I just read your last reply. Its normal for this to still be bothering you as it was a giant thing in your life. I can't imagine how badly you must have felt when this happened, and how hurt you would have been. If it were me I would see a counselor just hash through my feelings and work through this wall that you have put up.
Well.....I asked the first secretary if I can speak to the DON, and she asked what its about, I said Im looking for a job. She hands me an application and says, there is no need for you to see her. all our applicants hand in an application."I said, I know and I will fill it out but is it ok if I see her. She said the state was there and she doesn't have time. I said I'll wait... ( I drove fifty some miles here, wasn't about to go home) That secretary went on break. I asked another one, the same thing went on and she asked me specifically what I want to talk to her about. I felt like it was kind of personal for her to ask me that so I didn't tell her. She then asked, well are you someone special? I said, well Im a friend of her friend. She asked, does she know you? I said no Im a friend of her friend. The next thing I know is the DON is coming downstairs with the secretary and yelling at me for not having an appointment, for interrupting her and for thinking that I am somebody special. She said to me, you certainly don't know me and you're not my friend.

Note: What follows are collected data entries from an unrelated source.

text \<open>The one-dimensional content of self-concordance: if \<open>\<bar>\<phi>'\<bar> \<le> 2 \<phi>\<^sup>3\<^sup>/\<^sup>2\<close>, then
  \<open>\<phi>\<^sup>-\<^sup>1\<^sup>/\<^sup>2\<close> is 1-Lipschitz; \<open>\<epsilon>\<close> regularises the points where \<open>\<phi>\<close> vanishes.\<close>
lemma self_concordant_inverse_sqrt_lipschitz:
  fixes \<phi> \<phi>' :: "real \<Rightarrow> real" and I :: "real set"
  assumes I: "convex I" and a: "a \<in> I" and b: "b \<in> I" and e: "\<epsilon> > 0"
    and D: "\<And>t. t \<in> I \<Longrightarrow> (\<phi> has_real_derivative \<phi>' t) (at t)"
    and nn: "\<And>t. t \<in> I \<Longrightarrow> \<phi> t \<ge> 0"
    and sc: "\<And>t. t \<in> I \<Longrightarrow> \<bar>\<phi>' t\<bar> \<le> 2 * \<phi> t powr (3/2)"
  shows "\<bar>1 / sqrt (\<phi> b + \<epsilon>) - 1 / sqrt (\<phi> a + \<epsilon>)\<bar> \<le> \<bar>b - a\<bar>"
proof -
  define \<psi> where "\<psi> t = 1 / sqrt (\<phi> t + \<epsilon>)" for t
  define \<psi>' where "\<psi>' t = - \<phi>' t / (2 * (\<phi> t + \<epsilon>) * sqrt (\<phi> t + \<epsilon>))" for t
  have pos: "\<phi> t + \<epsilon> > 0" if "t \<in> I" for t using nn[OF that] e by simp
  have deriv: "(\<psi> has_real_derivative \<psi>' t) (at t)" if "t \<in> I" for t
  proof -
    have p: "\<phi> t + \<epsilon> > 0" using pos[OF that] .
    have "((\<lambda>t. sqrt (\<phi> t + \<epsilon>)) has_real_derivative (inverse (sqrt (\<phi> t + \<epsilon>)) / 2 * \<phi>' t)) (at t)"
      using DERIV_chain2[OF DERIV_real_sqrt[OF p] DERIV_add[OF D[OF that] DERIV_const[of \<epsilon>]]] by simp
    from DERIV_inverse_fun[OF this] p
    have "((\<lambda>t. inverse (sqrt (\<phi> t + \<epsilon>))) has_real_derivative
        (- ((inverse (sqrt (\<phi> t + \<epsilon>)) / 2 * \<phi>' t) * inverse ((sqrt (\<phi> t + \<epsilon>))^Suc (Suc 0))))) (at t)"
      by simp
    moreover have "- ((inverse (sqrt (\<phi> t + \<epsilon>)) / 2 * \<phi>' t) * inverse ((sqrt (\<phi> t + \<epsilon>))^Suc (Suc 0))) = \<psi>' t"
      using p unfolding \<psi>'_def by (simp add: field_simps)
    ultimately show ?thesis unfolding \<psi>_def by (simp add: inverse_eq_divide)
  qed
  have deriv_bound: "\<bar>\<psi>' t\<bar> \<le> 1" if "t \<in> I" for t
  proof -
    have "\<bar>\<phi>' t\<bar> \<le> 2 * (\<phi> t * sqrt (\<phi> t))" using sc[OF that] powr_three_halves[OF nn[OF that]] by simp
    also have "\<dots> \<le> 2 * ((\<phi> t + \<epsilon>) * sqrt (\<phi> t + \<epsilon>))"
      using nn[OF that] e by (intro mult_left_mono mult_mono) auto
    finally have "\<bar>\<phi>' t\<bar> \<le> 2 * (\<phi> t + \<epsilon>) * sqrt (\<phi> t + \<epsilon>)" by (simp only: mult.assoc)
    then show ?thesis unfolding \<psi>'_def using pos[OF that] by (simp add: abs_div divide_le_eq_1)
  qed
  have "norm (\<psi> b - \<psi> a) \<le> 1 * norm (b - a)"
    by (rule field_differentiable_bound[OF I _ _ b a])
      (use deriv deriv_bound in \<open>auto intro: has_field_derivative_at_within\<close>)
  then show ?thesis unfolding \<psi>_def by simp
qed
theorem theorem1p6:
  shows "(Lambda_set :: ((real^'n^'m) \<times> (real^'m)) set)
           = (unit_matrices \<times> unit_vectors) - Bad_set"
proof (intro equalityI subsetI)
  fix x assume "x \<in> (Lambda_set :: ((real^'n^'m) \<times> (real^'m)) set)"
  then obtain \<psi> where "\<psi> \<in> class_C CARD('m) CARD('n)" "x \<in> W_set \<psi>"
    unfolding Lambda_set_def by blast
  with W_set_Int_Bad_set_empty show "x \<in> (unit_matrices \<times> unit_vectors) - Bad_set"
    unfolding W_set_def by blast
next
  fix x assume "x \<in> (unit_matrices \<times> unit_vectors) - (Bad_set :: ((real^'n^'m) \<times> (real^'m)) set)"
  then show "x \<in> Lambda_set"
    unfolding Lambda_set_def using not_Bad_set_imp_W_set by (cases x) blast
qed

end
(* Let $G$ be a finite abelian group and $M$ a finite $\hat G$-linear inverse monoid. Then $M$ is left inductive and right inductive.
   Context: $\hat G=G\sqcup\{0\}$ with $0$ absorbing. $\mathrm{Vect}_{\hat G}$: objects are finite pointed sets with an action of $\hat G$ ($0v=0$, $g0=0$) such that $G$ acts freely on nonzero elements; morphisms $f$ satisfy $f(0)=0$, $f(gv)=gf(v)$, $f(v_1)=f(v_2)\neq0\Rightarrow Gv_1=Gv_2$. A $\hat G$-linear monoid is a finite monoid $M$ with absorbing element $0_M$ containing $G$ as a subgroup of units commuting with all of $M$, with $G$ acting freely by translation on $M\setminus\{0_M\}$. $M$ is inverse if each $x$ has a unique $x^*$ with $xx^*x=x$, $x^*xx^*=x^*$. For $a\in M$: $J(a)=MaM$, $I(a)=\{x\in J(a):MxM\neq J(a)\}$, $P(a)=(J(a)\setminus I(a))\cup\{0\}$, with left translation $m\cdot x=mx$ if $mx\in J(a)\setminus I(a)$, else $0$, and right translation analogously. $M$ is left (resp. right) inductive if for every idempotent $e$, every left (resp. right) translation on $P(e)$ is a morphism of $\mathrm{Vect}_{\hat G}$ (so $P(e)$ is a $\hat G$-linear representation of $M$, resp. $M^{\mathrm{op}}$). *)

theory Defs
  imports Main
begin

text \<open>The group G is a subset of M
  (a subgroup of the units of M). The hat-G action on M is by multiplication, where
  the extra absorbing element 0 of hat-G acts as 0_M.\<close>

definition finite_monoid_with_zero :: "'m set \<Rightarrow> ('m \<Rightarrow> 'm \<Rightarrow> 'm) \<Rightarrow> 'm \<Rightarrow> 'm \<Rightarrow> bool" where
  "finite_monoid_with_zero M mult one zero \<longleftrightarrow>
     finite M \<and> one \<in> M \<and> zero \<in> M \<and>
     (\<forall>x\<in>M. \<forall>y\<in>M. mult x y \<in> M) \<and>
     (\<forall>x\<in>M. \<forall>y\<in>M. \<forall>z\<in>M. mult (mult x y) z = mult x (mult y z)) \<and>
     (\<forall>x\<in>M. mult one x = x \<and> mult x one = x) \<and>
     (\<forall>x\<in>M. mult zero x = zero \<and> mult x zero = zero)"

I am still confused what I did wrong.....
stefanyjoy
252 Posts
She then asked, well are you someone special? I said, well Im a friend of her friend. She asked, does she know you? I said no Im a friend of her friend. The next thing I know is the DON is coming downstairs with the secretary and yelling at me for not having an appointment, for interrupting her and for thinking that I am somebody special. She said to me, you certainly don't know me and you're not my friend. I am still confused what I did wrong.....
You lied..... and were really pushy with a lie, and the secretary knew it right away, that is what went wrong. The secretary told you it was an inconvienent time for the DON, and you should have accepted that. "Oh, I understand. Here is my application, thank you for your help today. If you get a chance, please tell the DON I look forward to meeting with her."
I think I lot of people with lousy people skills (and I worry about this for myself, also -- I get very shy around strangers, especially authoritative ones) just has to do with self-confidence. You will need to explore that avenue, and how to improve on it, before you can truly have great people skills.